Imagining the Future

Science fiction always includes and enjoys playing with possibilities of all sorts. Authors enjoy imagining the world from different perspectives, making suppositions about what the world would be like had various events turned out differently.

Interestingly, many of the things that sci-fi writers included in novels later came to be true in real life.

Perhaps one of the real purposes that the really creative writers serve is to imagine possibilities for us before we even get there. They imagine various futures and then inventors, engineers, architects, chemists, electronic marvels such as computer work are then put to the task of creating new worlds.

Obviously among the various inventions are new social roles, religions, philosophies and so on.

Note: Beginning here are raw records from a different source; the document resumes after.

lemma sesq_matvec_self:
  assumes "hermitian n g"
  shows "sesq n g w (matvec n g w) = complex_of_real (sqnorm n (matvec n g w))"
proof -
  have "sesq n g w (matvec n g w) = (\<Sum>j<n. (\<Sum>i<n. cnj (w i) * g i j) * matvec n g w j)"
    unfolding sesq_def by (subst sum.swap) (simp add: sum_distrib_right)
  also have "\<dots> = (\<Sum>j<n. cnj (matvec n g w j) * matvec n g w j)"
  proof (intro sum.cong refl)
    fix j assume j: "j \<in> {..<n}"
    have "cnj (matvec n g w j) = (\<Sum>i<n. cnj (g j i) * cnj (w i))"
      unfolding matvec_def by simp
    also have "\<dots> = (\<Sum>i<n. cnj (w i) * g i j)"
    proof (intro sum.cong refl)
      fix i assume "i \<in> {..<n}"
      then have "g i j = cnj (g j i)" using assms j unfolding hermitian_def by blast
      then show "cnj (g j i) * cnj (w i) = cnj (w i) * g i j" by simp
    qed
    finally show "(\<Sum>i<n. cnj (w i) * g i j) * matvec n g w j = cnj (matvec n g w j) * matvec n g w j"
      by simp
  qed
  finally show ?thesis
    unfolding sum_cnj_mult_self .
qed

text \<open>For positive semidefinite \<open>G\<close>, Cauchy--Schwarz applied to \<open>w\<close> and \<open>G w\<close>.\<close>

lemma sqnorm_matvec_le_sesq:
  assumes h: "hermitian n g" and psd: "\<And>w. 0 \<le> Re (sesq n g w w)"
  shows "sqnorm n (matvec n g w) \<le> (\<Sum>i<n. \<Sum>j<n. cmod (g i j)) * Re (sesq n g w w)"
proof -
  define K where "K = (\<Sum>i<n. \<Sum>j<n. cmod (g i j))"
  define z where "z = matvec n g w"
  have "(sqnorm n z)\<^sup>2 = (cmod (sesq n g w z))\<^sup>2"
    unfolding z_def sesq_matvec_self[OF h] using sqnorm_nonneg by simp
  also have "\<dots> \<le> Re (sesq n g w w) * Re (sesq n g z z)"
    by (rule sesq_cauchy_schwarz[OF h psd])
  also have "\<dots> \<le> Re (sesq n g w w) * (K * sqnorm n z)"
    unfolding K_def
    by (intro mult_left_mono psd order_trans[OF complex_Re_le_cmod norm_sesq_le])
  finally have "sqnorm n z * sqnorm n z \<le> (K * Re (sesq n g w w)) * sqnorm n z"
    by (simp add: power2_eq_square algebra_simps)
  moreover have "0 \<le> K * Re (sesq n g w w)"
    unfolding K_def using psd by (simp add: sum_nonneg)
  ultimately show ?thesis
    unfolding z_def[symmetric] K_def[symmetric]
    by (metis mult_right_le_imp_le nle_le order.strict_iff_order sqnorm_nonneg)
qed

subsection \<open>The largest eigenvalue of a Hermitian matrix\<close>

lemma mat_mult_vec_eq_matvec:
  "mat n n (\<lambda>(i, j). g i j) *\<^sub>v vec n f = vec n (matvec n g f)"
  by (intro eq_vecI) (simp_all add: scalar_prod_def matvec_def atLeast0LessThan)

I find that fiction often stretches the mind to explore new concepts and different perspectives of the world much better than non-fiction. Where general fiction may concern itself with subjects like relationships or family stories, and crime fiction and romance novels concern themselves with formulaic situations, sci-fi and fantasy may concern itself with much larger subjects, such as the evolution of civilization, the evolution of humanity, the existence of alternate universes, parallel realities, time travel, interspecies communication and other topics.

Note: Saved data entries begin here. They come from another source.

lemma abs_weighted_KL_diff_le:
  assumes P_ge: "\<And>i x. eps \<le> P i x" and eps: "0 < eps" and P: "\<And>i. P i \<in> prob_simplex"
    and q: "q \<in> prob_simplex"
  shows "\<bar>weighted_KL P c q - weighted_KL P c' q\<bar> \<le> ln (1 / eps) * (\<Sum>i\<in>UNIV. \<bar>c i - c' i\<bar>)"
proof -
  have KL_P_nonneg: "0 \<le> KL q (P i)" for i
    using P_ge[of i] eps by (intro KL_nonneg[OF q P]) (auto intro: less_le_trans)
  have "\<bar>weighted_KL P c q - weighted_KL P c' q\<bar> = \<bar>\<Sum>i\<in>UNIV. (c i - c' i) * KL q (P i)\<bar>"
    unfolding weighted_KL_def by (simp add: sum_subtractf left_diff_distrib)
  also have "\<dots> \<le> (\<Sum>i\<in>UNIV. \<bar>(c i - c' i) * KL q (P i)\<bar>)"
    by (rule sum_abs)
  also have "\<dots> = (\<Sum>i\<in>UNIV. \<bar>c i - c' i\<bar> * KL q (P i))"
    using KL_P_nonneg by (simp add: abs_mult)
  also have "\<dots> \<le> (\<Sum>i\<in>UNIV. \<bar>c i - c' i\<bar> * ln (1 / eps))"
    using KL_le_ln_inverse[OF q P_ge eps] by (intro sum_mono mult_left_mono) auto
  finally show ?thesis by (simp add: sum_distrib_left mult_ac)
qed

lemma abs_min_weighted_KL_diff_le:
  assumes P_ge: "\<And>i x. eps \<le> P i x" and eps: "0 < eps" and P: "\<And>i. P i \<in> prob_simplex"
  shows "\<bar>min_weighted_KL P c - min_weighted_KL P c'\<bar> \<le> ln (1 / eps) * (\<Sum>i\<in>UNIV. \<bar>c i - c' i\<bar>)"
proof -
  have P_pos: "0 < P i x" for i x using P_ge[of i x] eps by linarith
  have one_side: "min_weighted_KL P c \<le> min_weighted_KL P c' + ln (1 / eps) * (\<Sum>i\<in>UNIV. \<bar>c i - c' i\<bar>)"
    for c c'
  proof -
    obtain q where q: "q \<in> prob_simplex" "weighted_KL P c' q = min_weighted_KL P c'"
      using min_weighted_KL_attained[of P, OF P_pos] by blast
    have "min_weighted_KL P c \<le> weighted_KL P c q"
      using P_pos q(1) by (rule min_weighted_KL_le)
    moreover have "\<bar>weighted_KL P c q - weighted_KL P c' q\<bar> \<le> ln (1 / eps) * (\<Sum>i\<in>UNIV. \<bar>c i - c' i\<bar>)"
      using P_ge eps P q(1) by (rule abs_weighted_KL_diff_le)
    ultimately show ?thesis using q(2) by linarith
  qed
  show ?thesis
    using one_side[of c c'] one_side[of c' c] by (simp add: abs_minus_commute abs_le_iff)
qed

section \<open>The two values of the game\<close>

lemma objective_eq_sum_weighted_KL:
  "objective nu p Q w = (\<Sum>a\<in>UNIV. w a * weighted_KL (\<lambda>i. nu i a) (\<lambda>i. p $ i) (Q a))"
  unfolding objective_def weighted_KL_def
  by (subst sum.swap) (simp add: sum_distrib_left mult_ac)

lemma SUP_objective_eq:
  "(SUP w\<in>prob_simplex. objective nu p Q w) = Max (range (\<lambda>a. weighted_KL (\<lambda>i. nu i a) (\<lambda>i. p $ i) (Q a)))"
  unfolding objective_eq_sum_weighted_KL by (rule SUP_prob_simplex_sum_mult)

lemma objective_max_attained:
  "\<exists>w0\<in>prob_simplex. \<forall>w\<in>prob_simplex. objective nu p Q w \<le> objective nu p Q w0"
proof -
  obtain w0 where w0: "w0 \<in> prob_simplex"
    "(\<Sum>a\<in>UNIV. w0 a * weighted_KL (\<lambda>i. nu i a) (\<lambda>i. p $ i) (Q a))
       = Max (range (\<lambda>a. weighted_KL (\<lambda>i. nu i a) (\<lambda>i. p $ i) (Q a)))"
    using prob_simplex_sum_mult_Max_attained[of "\<lambda>a. weighted_KL (\<lambda>i. nu i a) (\<lambda>i. p $ i) (Q a)"]
    by blast
  have "objective nu p Q w \<le> objective nu p Q w0" if "w \<in> prob_simplex" for w
    unfolding objective_eq_sum_weighted_KL w0(2) using that by (rule prob_simplex_sum_mult_le_Max)
  with w0(1) show ?thesis by blast
qed

locale positive_bandits =
  fixes nu :: "'m::finite \<Rightarrow> 'a::finite \<Rightarrow> 'x::finite \<Rightarrow> real"
  assumes nu_pos: "\<And>i a x. 0 < nu i a x"
begin

abbreviation arm_value :: "real^'m \<Rightarrow> 'a \<Rightarrow> real" where
  "arm_value p a \<equiv> min_weighted_KL (\<lambda>i. nu i a) (\<lambda>i. p $ i)"

lemma arm_value_le: "q \<in> prob_simplex \<Longrightarrow> arm_value p a \<le> weighted_KL (\<lambda>i. nu i a) (\<lambda>i. p $ i) q"
  using nu_pos by (rule min_weighted_KL_le)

Kurt Vonnegut once questioned the whole notion of classifying fiction as science fiction. Sci-fi does tend to have lots of new inventions in it, but he noted that just because he knows how some things work, that doesn't make it science fiction.

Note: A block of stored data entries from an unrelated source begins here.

(* Suppose $G\in\tilde{\mathcal C}$ is of the form $G(\psi)=q(M^\gamma_{\mathrm{ref}}(\psi)(h_0),\dots,M^\gamma_{\mathrm{ref}}(\psi)(h_k))$ and $h\in E$ is continuous. Then for $\mu_{\mathrm{ref}}$-a.e. $\psi$, $D_hG(\psi)=\gamma\sum_{i=0}^k\partial_iq\big(M^\gamma_{\mathrm{ref}}(\psi)(h_0),\dots,M^\gamma_{\mathrm{ref}}(\psi)(h_k)\big)\,M^\gamma_{\mathrm{ref}}(\psi)(h_ih)$. Moreover, if $G\in\mathcal C$ then for every continuous $h\in E$ there is a constant $C$ depending only on $G$ and $h$ such that $|D_hG(\psi)|\le C$ for $\mu_{\mathrm{ref}}$-a.e. $\psi$.
   Context: $M$ closed manifold of even dimension $n$ with metric $g_{\mathrm{ref}}$, volume $\omega_{\mathrm{ref}}$, co-polyharmonic (GJMS) operator $P_{\mathrm{ref}}$ (non-negative, self-adjoint, kernel the constants); $a_n=\frac{2}{(n/2-1)!(4\pi)^{n/2}}$, $p_{\mathrm{ref}}=a_nP_{\mathrm{ref}}$; $H^s_{\mathrm{ref}}=(1+p_{\mathrm{ref}})^{-s/n}L^2(\omega_{\mathrm{ref}})$ (completion for $s<0$), $H^{0-}_{\mathrm{ref}}=\bigcap_{s>0}H^{-s}_{\mathrm{ref}}$, $\mathring{}$ denotes mean-zero subspaces. $\mu_{\mathrm{ref}}$: centered Gaussian measure on $\mathring H^{0-}_{\mathrm{ref}}$ with covariance kernel the Green kernel of $p_{\mathrm{ref}}$ on mean-zero functions. $\gamma\in[0,\sqrt{2n})$; $M^\gamma_{\mathrm{ref}}$ is the co-polyharmonic GMC map into finite Borel measures on $M$, satisfying $M^\gamma_{\mathrm{ref}}(\psi+h)=e^{\gamma h}M^\gamma_{\mathrm{ref}}(\psi)$ for $\mu_{\mathrm{ref}}$-a.e. $\psi$ and $h\in\mathring H^{n/2}_{\mathrm{ref}}$, and $M^\gamma_{\mathrm{ref}}(\psi+c)=e^{\gamma c}M^\gamma_{\mathrm{ref}}(\psi)$. $E=H^{n/2}_{\mathrm{ref}}$. $\tilde{\mathcal C}$: functionals $G(\psi)=q(M^\gamma_{\mathrm{ref}}(\psi)(h_0),\dots,M^\gamma_{\mathrm{ref}}(\psi)(h_k))$ with $q\in C^2(\mathbb R^{k+1})$, $h_i\in C^\infty(M)$, $h_0\equiv1$; $\mathcal C\subset\tilde{\mathcal C}$: those where $q$ can be chosen supported in $(\epsilon,\epsilon^{-1})\times K$ for some $\epsilon>0$, compact $K\subset\mathbb R^k$. $D_hG(\psi)=\frac{d}{dt}G(\psi+th)|_{t=0}$; $\mu(h)=\int h\,d\mu$. *)

theory Defs
  imports "HOL-Probability.Probability"
begin

text \<open>Abstract setting: points of the closed manifold have type 'm, the field
  (distribution) space H^{0-}_ref is an abstract real vector space 'f into which
  the function space E = H^{n/2}_ref is embedded by a map iota.\<close>

text \<open>q in C^2(R^{k+1}); the k+1 coordinates are indexed by a finite type 'n.\<close>
definition C2_fun :: "(real^'n \<Rightarrow> real) \<Rightarrow> bool" where
  "C2_fun q \<longleftrightarrow>
     (\<exists>D. (\<forall>x. (q has_derivative blinfun_apply (D x)) (at x)) \<and>
          (\<exists>D2. (\<forall>x. (D has_derivative blinfun_apply (D2 x)) (at x)) \<and>
                continuous_on UNIV D2))"

definition partial_q :: "(real^'n \<Rightarrow> real) \<Rightarrow> 'n \<Rightarrow> real^'n \<Rightarrow> real" where
  "partial_q q i x = frechet_derivative q (at x) (axis i 1)"

definition cyl_functional ::
  "(real^'n \<Rightarrow> real) \<Rightarrow> ('n \<Rightarrow> 'm \<Rightarrow> real) \<Rightarrow> ('f \<Rightarrow> 'm measure) \<Rightarrow> 'f \<Rightarrow> real" where
  "cyl_functional q hs Mg \<psi> = q (\<chi> i. integral\<^sup>L (Mg \<psi>) (hs i))"

definition dir_deriv :: "('f::real_vector \<Rightarrow> real) \<Rightarrow> 'f \<Rightarrow> 'f \<Rightarrow> real" where
  "dir_deriv G v \<psi> = deriv (\<lambda>t. G (\<psi> + t *\<^sub>R v)) 0"

text \<open>Membership of the representation in the class C: q supported in
  (eps, 1/eps) x K for a compact K (coordinate i0 is the one with h_{i0} = 1;
  K is taken inside the hyperplane x_{i0} = 0, identified with R^k).\<close>
definition supp_class_C :: "(real^'n \<Rightarrow> real) \<Rightarrow> 'n \<Rightarrow> bool" where
  "supp_class_C q i0 \<longleftrightarrow>
     (\<exists>\<epsilon>>0. \<exists>K. compact K \<and>
        closure {x. q x \<noteq> 0} \<subseteq>
          {x. \<epsilon> < x $ i0 \<and> x $ i0 < 1 / \<epsilon> \<and> (\<chi> j. if j = i0 then 0 else x $ j) \<in> K})"

end

theory Submission
  imports Defs
begin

Over the years, people have tried to shift the focus by calling it speculative fiction or referring to it as futuristic writing, but terms such as that were not quite right either because all fiction is speculative, although sci-fi in more spectacular ways. Every author uses their imagination to describe characters and their actions, let you know what they are thinking and saying. It does tend to be futuristic, but many take alternative views of history as well.

Sci-fi now generously overlaps with the style of fiction known as fantasy, and frequently you see stores stock those two types together. It is a distinction, but not the only one, that fantasy may more frequently go back into history or alternate realms on this planet, where sci-fi may tend to go into more alternate realms on other planets in addition to Earth.

The job of imagining the future is the domain of sci-fi and fantasy authors. What they offer us is a variety of possibilities to choose from. Once we imagine a future, we can begin to move into it.